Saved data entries
(* Let $1\le D\le n-1$ and $1\le x\le D$. There is no deterministic consensus algorithm for $n$ processes (even one that knows $n$, $D$ and $x$) that solves consensus under the message adversary $\lozenge\mathrm{STABLE}_D(x)$. This remains true even for the smaller message adversary consisting of those sequences in $\lozenge\mathrm{STABLE}_D(x)$ whose first $D$ graphs $\mathcal{G}^1,\dots,\mathcal{G}^D$ form an $R$-rooted sequence for some set $R\subseteq\Pi$, where $R$ is not known to the processes a priori.
   Context: Model: a finite set $\Pi$ of $n$ processes with unique identifiers, which never fail and run in lock-step synchronous rounds $r=1,2,\dots$; in each round every process sends a message to every other process, receives some of them, and makes a local state transition. The round-$r$ communication graph $\mathcal{G}^r$ is a directed graph on $\Pi$ with edge $(p\to q)$ iff $q$ receives $p$'s round-$r$ message; all self-loops are always present. A message adversary is a set of infinite sequences of communication graphs (the admissible sequences); an algorithm solves consensus under a message adversary if for every assignment of inputs and every admissible sequence the run satisfies: Termination (every process eventually irrevocably decides), Agreement (all decisions are equal), Validity (every decision is some process's input). A root component of a graph $\mathcal{G}$ is a nonempty $R\subseteq\Pi$ that is the vertex set of a strongly connected component of $\mathcal{G}$ with no edge $(p\to q)$, $q\in R$, $p\notin R$. A graph is rooted if it has exactly one root component $\operatorname{Root}(\mathcal{G})$. A nonempty sequence of consecutive graphs is $R$-rooted if each graph in it is rooted with root component $R$. Compound graph: $(p,q)\in\mathcal{G}\circ\mathcal{G}'$ iff $(p,p')\in\mathcal{G}$ and $(p',q)\in\mathcal{G}'$ for some $p'$. Causal past: $\mathrm{CP}_p(a,a)=\{p\}$ and, for $a<b$, $\mathrm{CP}_p(a,b)$ is the set of in-neighbours of $p$ in $\mathcal{G}^{a+1}\circ\cdots\circ\mathcal{G}^b$. $\mathrm{DIAM}(D)$: all sequences such that for every subsequence $\mathcal{G}^{r_1},\dots,\mathcal{G}^{r_1+D-1}$ of $D$ consecutive graphs that is $R$-rooted, $R\subseteq \mathrm{CP}_p(r_1-1,r_1+D-1)$ for every $p\in\Pi$. $\lozenge\mathrm{STABILITY}(x)$: all sequences containing, for some $R\subseteq\Pi$, an $R$-rooted subsequence of at least $x$ consecutive graphs. $\mathrm{ROOTED}$: all sequences in which every graph is rooted. $\lozenge\mathrm{STABLE}_D(x)=\mathrm{ROOTED}\cap\lozenge\mathrm{STABILITY}(x)\cap\mathrm{DIAM}(D)$. *)

theory Defs
  imports Main
begin

(* Processes are the identifiers 0..n-1, i.e. Pi = {..<n}.
   A communication graph is a set of directed edges (p,q) meaning q receives p's message.
   A sequence of graphs is G :: nat => graph, where G r is the round-r graph for r >= 1
   (G 0 is unused). *)

type_synonym graph = "(nat \<times> nat) set"
type_synonym gseq = "nat \<Rightarrow> graph"

definition is_graph :: "nat \<Rightarrow> graph \<Rightarrow> bool" where
  "is_graph n g \<longleftrightarrow> g \<subseteq> {..<n} \<times> {..<n} \<and> (\<forall>p<n. (p, p) \<in> g)"

definition valid_seq :: "nat \<Rightarrow> gseq \<Rightarrow> bool" where
  "valid_seq n G \<longleftrightarrow> (\<forall>r\<ge>1. is_graph n (G r))"

definition is_root_comp :: "nat \<Rightarrow> graph \<Rightarrow> nat set \<Rightarrow> bool" where
  "is_root_comp n g R \<longleftrightarrow>
     R \<noteq> {} \<and> R \<subseteq> {..<n} \<and>
     (\<exists>p\<in>R. R = {q. (p, q) \<in> g\<^sup>* \<and> (q, p) \<in> g\<^sup>*}) \<and>
     (\<forall>p q. (p, q) \<in> g \<and> q \<in> R \<longrightarrow> p \<in> R)"

definition rooted :: "nat \<Rightarrow> graph \<Rightarrow> bool" where
  "rooted n g \<longleftrightarrow> (\<exists>!R. is_root_comp n g R)"

definition Root :: "nat \<Rightarrow> graph \<Rightarrow> nat set" where
  "Root n g = (THE R. is_root_comp n g R)"

definition R_rooted :: "nat \<Rightarrow> gseq \<Rightarrow> nat set \<Rightarrow> nat \<Rightarrow> nat \<Rightarrow> bool" where
  "R_rooted n G R a b \<longleftrightarrow> a \<le> b \<and> (\<forall>r\<in>{a..b}. rooted n (G r) \<and> Root n (G r) = R)"

(* compound graph G(a+1) o ... o G(b); identity if b <= a *)
fun compound :: "gseq \<Rightarrow> nat \<Rightarrow> nat \<Rightarrow> graph" where
  "compound G a 0 = Id"
| "compound G a (Suc b) = (if Suc b \<le> a then Id else compound G a b O G (Suc b))"

definition CP :: "gseq \<Rightarrow> nat \<Rightarrow> nat \<Rightarrow> nat \<Rightarrow> nat set" where
  "CP G p a b = {q. (q, p) \<in> compound G a b}"

definition DIAM :: "nat \<Rightarrow> nat \<Rightarrow> gseq set" where
  "DIAM n D = {G. \<forall>r1\<ge>1. \<forall>R. R_rooted n G R r1 (r1 + D - 1) \<longrightarrow>
                      (\<forall>p<n. R \<subseteq> CP G p (r1 - 1) (r1 + D - 1))}"

definition EV_STABILITY :: "nat \<Rightarrow> nat \<Rightarrow> gseq set" where
  "EV_STABILITY n x = {G. \<exists>R r1. r1 \<ge> 1 \<and> R \<subseteq> {..<n} \<and> R_rooted n G R r1 (r1 + x - 1)}"

definition ROOTED :: "nat \<Rightarrow> gseq set" where
  "ROOTED n = {G. \<forall>r\<ge>1. rooted n (G r)}"

definition EV_STABLE :: "nat \<Rightarrow> nat \<Rightarrow> nat \<Rightarrow> gseq set" where
  "EV_STABLE n D x = {G. valid_seq n G} \<inter> ROOTED n \<inter> EV_STABILITY n x \<inter> DIAM n D"

definition EV_STABLE_init :: "nat \<Rightarrow> nat \<Rightarrow> nat \<Rightarrow> gseq set" where
  "EV_STABLE_init n D x = {G \<in> EV_STABLE n D x. \<exists>R. R \<subseteq> {..<n} \<and> R_rooted n G R 1 D}"

(* Deterministic algorithm: init p v (initial state of p with input v),
   msg p s q (message sent by p in state s to q),
   tr p s rcv (new state of p; rcv q = Some m iff p received m from q),
   dec p s (decision output in state s). *)
primrec run :: "nat \<Rightarrow> (nat \<Rightarrow> 'v \<Rightarrow> 's) \<Rightarrow> (nat \<Rightarrow> 's \<Rightarrow> nat \<Rightarrow> 'm)
   \<Rightarrow> (nat \<Rightarrow> 's \<Rightarrow> (nat \<Rightarrow> 'm option) \<Rightarrow> 's) \<Rightarrow> gseq \<Rightarrow> (nat \<Rightarrow> 'v) \<Rightarrow> nat \<Rightarrow> nat \<Rightarrow> 's" where
  "run n init msg tr G inp 0 = (\<lambda>p. init p (inp p))"
| "run n init msg tr G inp (Suc r) =
     (\<lambda>p. tr p (run n init msg tr G inp r p)
            (\<lambda>q. if q < n \<and> (q, p) \<in> G (Suc r)
                 then Some (msg q (run n init msg tr G inp r q) p) else None))"

(* decisions are irrevocable: p decides v if the first round at which its
   decision output is defined yields v *)
definition decides :: "(nat \<Rightarrow> 's \<Rightarrow> 'v option) \<Rightarrow> (nat \<Rightarrow> nat \<Rightarrow> 's) \<Rightarrow> nat \<Rightarrow> 'v \<Rightarrow> bool" where
  "decides dec st p v \<longleftrightarrow>
     (\<exists>r. dec p (st r p) = Some v \<and> (\<forall>r'<r. dec p (st r' p) = None))"

definition solves_consensus :: "nat \<Rightarrow> gseq set \<Rightarrow> (nat \<Rightarrow> 'v \<Rightarrow> 's) \<Rightarrow> (nat \<Rightarrow> 's \<Rightarrow> nat \<Rightarrow> 'm)
   \<Rightarrow> (nat \<Rightarrow> 's \<Rightarrow> (nat \<Rightarrow> 'm option) \<Rightarrow> 's) \<Rightarrow> (nat \<Rightarrow> 's \<Rightarrow> 'v option) \<Rightarrow> bool" where
  "solves_consensus n MA init msg tr dec \<longleftrightarrow>
     (\<forall>inp G. G \<in> MA \<longrightarrow>
        (let st = run n init msg tr G inp in
           (\<forall>p<n. \<exists>v. decides dec st p v)
         \<and> (\<forall>p<n. \<forall>q<n. \<forall>v w. decides dec st p v \<and> decides dec st q w \<longrightarrow> v = w)
         \<and> (\<forall>p<n. \<forall>v. decides dec st p v \<longrightarrow> v \<in> inp ` {..<n})))"
lemma norm_mixed_sum_minus_average_le:
  fixes v :: "nat \<Rightarrow> 'a::real_normed_vector" and e :: "nat \<Rightarrow> nat \<Rightarrow> 'a"
  assumes "card V = n" "n > 0" and \<mu>: "0 \<le> \<mu>" "\<mu> \<le> 1"
    and P_close: "\<And>s j. s \<le> t \<Longrightarrow> j \<in> V \<Longrightarrow> \<bar>P s j - c\<bar> \<le> 4 * \<mu> ^ (t - s)"
    and e_bound: "\<And>s j. j \<in> V \<Longrightarrow> norm (e s j) \<le> b s"
  defines "X \<equiv> (\<Sum>j\<in>V. P 0 j *\<^sub>R v j) - (\<Sum>s\<in>{1..t}. \<Sum>j\<in>V. P s j *\<^sub>R e s j)"
    and "avg \<equiv> (1 / real n) *\<^sub>R ((\<Sum>j\<in>V. v j) - (\<Sum>s\<in>{1..t}. \<Sum>j\<in>V. e s j))"
  shows "norm (X - (\<Sum>j\<in>V. P 0 j) *\<^sub>R avg)
    \<le> 8 * \<mu> ^ t * (\<Sum>j\<in>V. norm (v j)) + 8 * real n * (\<Sum>s\<in>{1..t}. \<mu> ^ (t - s) * b s)"
proof -
  have "V \<noteq> {}" using assms(1,2) by auto
  then have b_nonneg: "0 \<le> b s" for s using e_bound norm_ge_zero order_trans by blast
  define A where "A = (\<Sum>j\<in>V. norm (v j))"
  define B where "B = (\<Sum>s\<in>{1..t}. \<mu> ^ (t - s) * b s)"
  define Y where "Y = (\<Sum>j\<in>V. P 0 j)"
  define T1 where "T1 = (\<Sum>j\<in>V. (P 0 j - c) *\<^sub>R v j)"
  define T2 where "T2 = (\<Sum>s\<in>{1..t}. \<Sum>j\<in>V. (P s j - c) *\<^sub>R e s j)"
  have n_avg: "real n *\<^sub>R avg = (\<Sum>j\<in>V. v j) - (\<Sum>s\<in>{1..t}. \<Sum>j\<in>V. e s j)"
    using \<open>n > 0\<close> by (simp add: avg_def)
  \<comment> \<open>Subtracting \<open>c\<close> times the conserved total leaves only the deviations \<open>P s j - c\<close>.\<close>
  have "T1 - T2 = X - c *\<^sub>R (real n *\<^sub>R avg)"
    unfolding n_avg T1_def T2_def X_def
    by (simp add: scaleR_diff_left sum_subtractf scaleR_diff_right scaleR_sum_right algebra_simps)
  then have split: "X - Y *\<^sub>R avg = T1 - T2 + (real n * c - Y) *\<^sub>R avg"
    by (simp add: algebra_simps)
  have T1_le: "norm T1 \<le> 4 * \<mu> ^ t * A"
    unfolding T1_def A_def using P_close[of 0] by (intro norm_sum_scaleR_le) simp
  have T2_le: "norm T2 \<le> 4 * real n * B"
    using norm_double_sum_scaleR_le[of V n "{1..t}" "\<lambda>s j. P s j - c" "\<lambda>s. 4 * \<mu> ^ (t - s)" e b]
      assms(1) P_close e_bound \<mu>
    by (simp add: T2_def B_def sum_distrib_left mult_ac)
  have Y_close: "\<bar>real n * c - Y\<bar> \<le> real n * (4 * \<mu> ^ t)"
    using sum_abs[of "\<lambda>j. c - P 0 j" V] sum_bounded_above[of V "\<lambda>j. \<bar>c - P 0 j\<bar>" "4 * \<mu> ^ t"]
      P_close[of 0] \<open>card V = n\<close>
    by (simp add: Y_def sum_subtractf abs_minus_commute)
  have "norm (\<Sum>s\<in>{1..t}. \<Sum>j\<in>V. e s j) \<le> real n * (\<Sum>s\<in>{1..t}. b s)"
    using norm_double_sum_scaleR_le[of V n "{1..t}" "\<lambda>_ _. 1" "\<lambda>_. 1" e b] assms(1) e_bound
    by simp
  moreover have "real n * norm avg = norm ((\<Sum>j\<in>V. v j) - (\<Sum>s\<in>{1..t}. \<Sum>j\<in>V. e s j))"
    using arg_cong[OF n_avg, of norm] by simp
  ultimately have "real n * norm avg \<le> A + real n * (\<Sum>s\<in>{1..t}. b s)"
    using norm_triangle_ineq4[of "\<Sum>j\<in>V. v j" "\<Sum>s\<in>{1..t}. \<Sum>j\<in>V. e s j"] norm_sum[of v V]
    unfolding A_def by linarith
  moreover have "\<mu> ^ t * (\<Sum>s\<in>{1..t}. b s) \<le> B"
    unfolding B_def sum_distrib_left using \<mu> b_nonneg
    by (intro sum_mono mult_right_mono power_decreasing) auto
  ultimately have "real n * (4 * \<mu> ^ t) * norm avg \<le> 4 * \<mu> ^ t * A + 4 * real n * B"
    using \<mu> mult_left_mono[of _ _ "4 * \<mu> ^ t"] mult_left_mono[of _ _ "4 * real n"]
    by (fastforce simp: algebra_simps)
  then have last_le: "norm ((real n * c - Y) *\<^sub>R avg) \<le> 4 * \<mu> ^ t * A + 4 * real n * B"
    using mult_right_mono[OF Y_close norm_ge_zero[of avg]] by simp
  have "norm (X - Y *\<^sub>R avg) \<le> norm T1 + norm T2 + norm ((real n * c - Y) *\<^sub>R avg)"
    unfolding split by (metis norm_triangle_ineq norm_triangle_ineq4 add_right_mono order_trans)
  then show ?thesis
    using T1_le T2_le last_le by (simp add: Y_def A_def B_def)
qed
theory Submission
  imports Defs "HOL-Library.Transitive_Closure_Table"
begin

text \<open>
  Write \<open>E*\<close> and \<open>E'\<close> for the graphs of \<open>\<Sigma>*\<close> and \<open>\<Sigma>'\<close>. Off the diagonal \<open>\<Sigma>'\<close> agrees with
  \<open>\<Sigma>*\<close>, \<open>\<Sigma>' - \<lambda>* I\<close> is positive semidefinite, and \<open>\<Sigma>'\<^sub>i\<^sub>i < \<Sigma>*\<^sub>i\<^sub>i + \<lambda>*\<close>. For a positive
  definite \<open>\<Sigma>\<close> two facts link entries of \<open>\<Sigma>\<close> to the graph of \<open>\<Omega> = \<Sigma>\<inverse>\<close>: if \<open>j\<close> separates
  \<open>a\<close> from \<open>b\<close> then \<open>\<Sigma>\<^sub>a\<^sub>b \<Sigma>\<^sub>j\<^sub>j = \<Sigma>\<^sub>a\<^sub>j \<Sigma>\<^sub>j\<^sub>b\<close>, and \<open>\<Sigma>\<^sub>a\<^sub>b \<noteq> 0\<close> on a bridge \<open>ab\<close>. Both hold
  because a vector \<open>w\<close> supported on one side of the cut, built from columns of \<open>\<Sigma>\<close>, has
  \<open>w\<^sup>T \<Omega> w = 0\<close>.

  Suppose an edge \<open>ab\<close> of the tree \<open>E*\<close> is missing from the tree \<open>E'\<close>. Then some \<open>j\<close>
  separates \<open>a\<close> from \<open>b\<close> in \<open>E'\<close>, while in \<open>E*\<close> one endpoint, say \<open>b\<close>, separates \<open>a\<close> from
  \<open>j\<close>. The two product identities combine to \<open>\<Sigma>'\<^sub>j\<^sub>j \<Sigma>*\<^sub>b\<^sub>b = (\<Sigma>*\<^sub>b\<^sub>j)\<^sup>2\<close>, whereas the
  \<open>2 \<times> 2\<close> minor of \<open>\<Sigma>' - \<lambda>* I\<close> at \<open>b, j\<close> gives
  \<open>(\<Sigma>*\<^sub>b\<^sub>j)\<^sup>2 \<le> (\<Sigma>'\<^sub>b\<^sub>b - \<lambda>*) (\<Sigma>'\<^sub>j\<^sub>j - \<lambda>*) < \<Sigma>*\<^sub>b\<^sub>b \<Sigma>'\<^sub>j\<^sub>j\<close>. So \<open>E* \<subseteq> E'\<close>, and a tree
  contained in another tree on the same vertices equals it.
\<close>

section \<open>Walks, paths and trees\<close>

lemma walk_singleton [simp]: "walk E [x]"
  by (simp add: walk_def)

lemma walk_Cons_Cons [simp]: "walk E (x # y # vs) \<longleftrightarrow> E x y \<and> walk E (y # vs)"
  by (simp add: walk_def All_less_Suc2)

lemma walk_mono: "walk E vs \<Longrightarrow> E \<le> F \<Longrightarrow> walk F vs"
  by (auto simp: walk_def)

lemma rtrancl_path_Nil_iff [simp]: "rtrancl_path E x [] y \<longleftrightarrow> x = y"
  by (subst rtrancl_path.simps) auto

lemma rtrancl_path_Cons_iff [simp]: "rtrancl_path E x (z # zs) y \<longleftrightarrow> E x z \<and> rtrancl_path E z zs y"
  by (subst rtrancl_path.simps) auto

Work to be completed
Reproduce exactly the line bearing "contained in another" and all the lines that come after it in the records above; add nothing.

Solution to the exercise
  contained in another tree on the same vertices equals it.
\<close>

section \<open>Walks, paths and trees\<close>

lemma walk_singleton [simp]: "walk E [x]"
  by (simp add: walk_def)

lemma walk_Cons_Cons [simp]: "walk E (x # y # vs) \<longleftrightarrow> E x y \<and> walk E (y # vs)"
  by (simp add: walk_def All_less_Suc2)

lemma walk_mono: "walk E vs \<Longrightarrow> E \<le> F \<Longrightarrow> walk F vs"
  by (auto simp: walk_def)

lemma rtrancl_path_Nil_iff [simp]: "rtrancl_path E x [] y \<longleftrightarrow> x = y"
  by (subst rtrancl_path.simps) auto

lemma rtrancl_path_Cons_iff [simp]: "rtrancl_path E x (z # zs) y \<longleftrightarrow> E x z \<and> rtrancl_path E z zs y"
  by (subst rtrancl_path.simps) auto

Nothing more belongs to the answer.